Chinese suppliers and generators have gamed up their demeanor at the Frankfurt auto show, capitalizing on a shift towards electric cars compelled on German carmakers by regulators seeking to regulate pollution.
Although the variety of exhibitors has fallen to 800 in 2019 from 994 in 2017, Chinese automakers and suppliers now make up the most significant international contingent, with 79 companies, up from 73.
Several European and Japanese carmakers, together with Fiat, Alfa Romeo, Toyota, Nissan, and Peugeot, have skipped the present because the industry seeks cost savings.
Automakers face multi-billion-euro investments to develop electric and automatic cars. However, China’s more significant presence is also due to Europe’s lack of expertise in lithium-ion battery cell production, space where Asian suppliers dominate.
German companies are striking major offers with Chinese suppliers to help them meet stringent anti-pollution guidelines, which have been launched within the obsequies of Volkswagen’s 2015 emissions cheating scandal.
Zentgraf said he expected additional supply offers to be struck in Europe this year following agreements with BMW and Volkswagen.

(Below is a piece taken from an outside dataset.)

(* Let $\mathcal T\in\mathbb R^{I_1\times\cdots\times I_N}$ and let $R\le\min_n I_n$. On tuples $(\mathbf X^{(1)},\dots,\mathbf X^{(N)})$ with $\mathbf X^{(n)}\in\mathbb R^{I_n\times R}$ of full column rank define $$\mathcal L(\mathbf X^{(1)},\dots,\mathbf X^{(N)})=\sum_{r=1}^R\sum_{i_1,\dots,i_N}t_{i_1\dots i_N}x^{(1)}_{i_1r}\cdots x^{(N)}_{i_Nr}-\tfrac12\sum_{n=1}^N\log\det\big(\mathbf X^{(n)T}\mathbf X^{(n)}\big).$$ Then the tuple is a critical point of $\mathcal L$ if and only if $\mathbf T_{(n)}\big(\bigodot_{m\ne n}\mathbf X^{(m)}\big)=\mathbf X^{(n)}(\mathbf X^{(n)T}\mathbf X^{(n)})^{-1}$ for every $n$. Moreover, at any critical point: (i) for every $i\in\{1,\dots,N\}$ and every $r\in\{1,\dots,R\}$, the vector $\mathbf w\in\mathbb R^{I_i}$ with entries $w_{a}=\sum_{i_j,\,j\ne i}t_{i_1\dots i_{i-1}\,a\,i_{i+1}\dots i_N}\prod_{j\ne i}x^{(j)}_{i_j r}$ lies in the column span of $\mathbf X^{(i)}$; (ii) the tensor $\mathcal Z$ with entries $z_{j_1\dots j_N}=\sum_{i_1,\dots,i_N}t_{i_1\dots i_N}x^{(1)}_{i_1j_1}\cdots x^{(N)}_{i_Nj_N}$ satisfies, for every $p\in\{1,\dots,N\}$ and all $r,s\in\{1,\dots,R\}$, $z_{j_1\dots j_N}=\delta_{rs}$ whenever $j_m=r$ for all $m\ne p$ and $j_p=s$; (iii) with $\mathcal Y=[\![\mathbf X^{(1)},\dots,\mathbf X^{(N)}]\!]$, for each $i$ the $I_i\times I_i$ matrix $\mathbf T_{(i)}\mathbf Y_{(i)}^T$, with entries $\sum_{i_j,\,j\ne i}t_{\dots a\dots}\,y_{\dots b\dots}$ (index $a$, resp. $b$, in mode $i$ and all other indices summed), equals $\mathbf X^{(i)}\mathbf X^{(i)\dagger}$, the orthogonal projector onto the column space of $\mathbf X^{(i)}$.
   Context: $[\![\mathbf B^{(1)},\dots,\mathbf B^{(N)}]\!]$ denotes the tensor with entries $\sum_{r=1}^R\prod_{m}b^{(m)}_{i_m r}$. For matrices $\mathbf C^{(m)}\in\mathbb R^{I_m\times R}$ ($m\ne n$), $\mathbf T_{(n)}\big(\bigodot_{m\ne n}\mathbf C^{(m)}\big)$ denotes the $I_n\times R$ matrix with entries $\sum_{i_m,\,m\ne n}t_{i_1\dots i_N}\prod_{m\ne n}c^{(m)}_{i_m r}$. $\mathbf M^\dagger$ is the Moore–Penrose pseudoinverse; $\delta_{rs}$ is the Kronecker delta. *)

theory Defs
  imports "Jordan_Normal_Form.Determinant"
begin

Daimler on Wednesday mentioned it had chosen China-backed Farasis Energy to supply battery cells for its Mercedes-Benz electrification push.
Farasis is building a 600 million euro ($663 million) factory in East Germany, near the place Chinese rival CATL is erecting a 1.8-billion-euro battery plant.

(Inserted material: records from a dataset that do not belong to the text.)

lemma cluster_interaction_lower_bound:
  assumes "A \<subseteq> {1..N}" and "i \<in> A" and "k \<in> A"
    and "t \<ge> 0" and "diam_at q A t \<le> C"
    and slope: "\<And>x y. 0 \<le> y \<Longrightarrow> y \<le> x \<Longrightarrow> x \<le> sqrt (energy 0) \<Longrightarrow> m * (x - y) \<le> g x - g y"
    and "m > 0"
  shows "\<psi> (max C 0) * (m * (norm (p i t - p k t))\<^sup>2) \<le> interaction t i k"
proof -
  have "finite A" and ik: "i \<in> {1..N}" "k \<in> {1..N}"
    using assms(1-3) finite_subset by auto
  have "\<psi> (max C 0) \<le> \<psi> (norm (q k t - q i t))"
    using norm_le_diam_at[OF \<open>finite A\<close> \<open>k \<in> A\<close> \<open>i \<in> A\<close>, of q t] assms(5)
    by (intro psi_antimono) auto
  moreover have "m * (norm (p k t - p i t))\<^sup>2 \<le> inner (p k t - p i t) (Gctl g (p k t) - Gctl g (p i t))"
    using norm_velocity_le[OF ik(2) \<open>t \<ge> 0\<close>] norm_velocity_le[OF ik(1) \<open>t \<ge> 0\<close>]
    by (intro Gctl_strongly_monotone[OF slope g_zero])
  ultimately show ?thesis
    unfolding interaction_def using psi_pos[of "max C 0"] \<open>m > 0\<close>
    by (intro mult_mono) (auto simp: norm_minus_commute)
qed

lemma cluster_velocity_alignment:
  assumes "A \<subseteq> {1..N}" and "A \<noteq> {}"
    and bounded: "\<And>t. t \<ge> 0 \<Longrightarrow> diam_at q A t \<le> C"
  shows "((\<lambda>t. diam_at p A t) \<longlongrightarrow> 0) at_top"
proof (rule diam_at_tendsto_zero)
  show "finite A"
    using assms(1) finite_subset by blast
  show "A \<noteq> {}"
    by fact
  fix i k assume "i \<in> A" "k \<in> A"
  then have ik: "i \<in> {1..N}" "k \<in> {1..N}"
    using assms(1) by auto
  then have "N > 0"
    by simp
  obtain K where "K > 0" and lip: "\<And>i s t. i \<in> {1..N} \<Longrightarrow> 0 \<le> s \<Longrightarrow> s \<le> t \<Longrightarrow> norm (p i t - p i s) \<le> K * (t - s)"
    using velocity_Lipschitz by blast
  obtain m where "m > 0"
    and slope: "\<And>x y. 0 \<le> y \<Longrightarrow> y \<le> x \<Longrightarrow> x \<le> sqrt (energy 0) \<Longrightarrow> m * (x - y) \<le> g x - g y"
    using admissible_g_slope[OF adm_g, of "sqrt (energy 0)"] energy_nonneg by auto
  define c where "c = \<kappa> / N * (\<psi> (max C 0) * m)"
  show "((\<lambda>t. norm (p i t - p k t)) \<longlongrightarrow> 0) at_top"
  proof (rule tendsto_zero_if_Lipschitz_and_dissipated[where F="\<lambda>t. \<kappa> / N * dissipation t"])
    show "continuous_on {0..} energy"
      by (rule continuous_on_energy)
    show "(energy has_real_derivative - (\<kappa> / N * dissipation t)) (at t)" if "t > 0" for t
      using energy_has_derivative[OF that] by simp
    show "0 \<le> energy t" for t
      by (rule energy_nonneg)
    show "c > 0"
      using kappa_pos \<open>N > 0\<close> \<open>m > 0\<close> psi_pos[of "max C 0"] by (simp add: c_def)
    show "2 * K > 0"
      using \<open>K > 0\<close> by simp
    show "c * (norm (p i t - p k t))\<^sup>2 \<le> \<kappa> / N * dissipation t" if "t > 0" for t
    proof -
      have "\<psi> (max C 0) * (m * (norm (p i t - p k t))\<^sup>2) \<le> interaction t i k"
        using that bounded[of t] \<open>m > 0\<close>
        by (intro cluster_interaction_lower_bound[OF assms(1) \<open>i \<in> A\<close> \<open>k \<in> A\<close> _ _ slope]) auto
      also have "\<dots> \<le> dissipation t"
        by (rule interaction_le_dissipation[OF ik])
      finally have "\<kappa> / N * (\<psi> (max C 0) * (m * (norm (p i t - p k t))\<^sup>2)) \<le> \<kappa> / N * dissipation t"
        using kappa_pos by (intro mult_left_mono) auto
      then show ?thesis
        by (simp add: c_def mult.assoc)
    qed
    show "\<bar>norm (p i t - p k t) - norm (p i s - p k s)\<bar> \<le> 2 * K * (t - s)"
      if "0 \<le> s" "s \<le> t" for s t
      using lip[OF ik(1) that] lip[OF ik(2) that] by (rule norm_diff_Lipschitz)
  qed
qed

German carmakers have been forced to speed up electrification plans after European Union lawmakers imposed a 37.5% reduction in carbon dioxide emissions between 2021 and 2030 in addition to a 40% cut in emissions between 2007 and 2021.
Electric cars made up only 1.5% of global gross sales last year, or 1.26 million of the 86 million passenger vehicles bought, JATO Dynamics mentioned.
If carmakers fail to meet the 2021 targets they face 33 billion euros in penalties, analysts at Evercore ISI have estimated.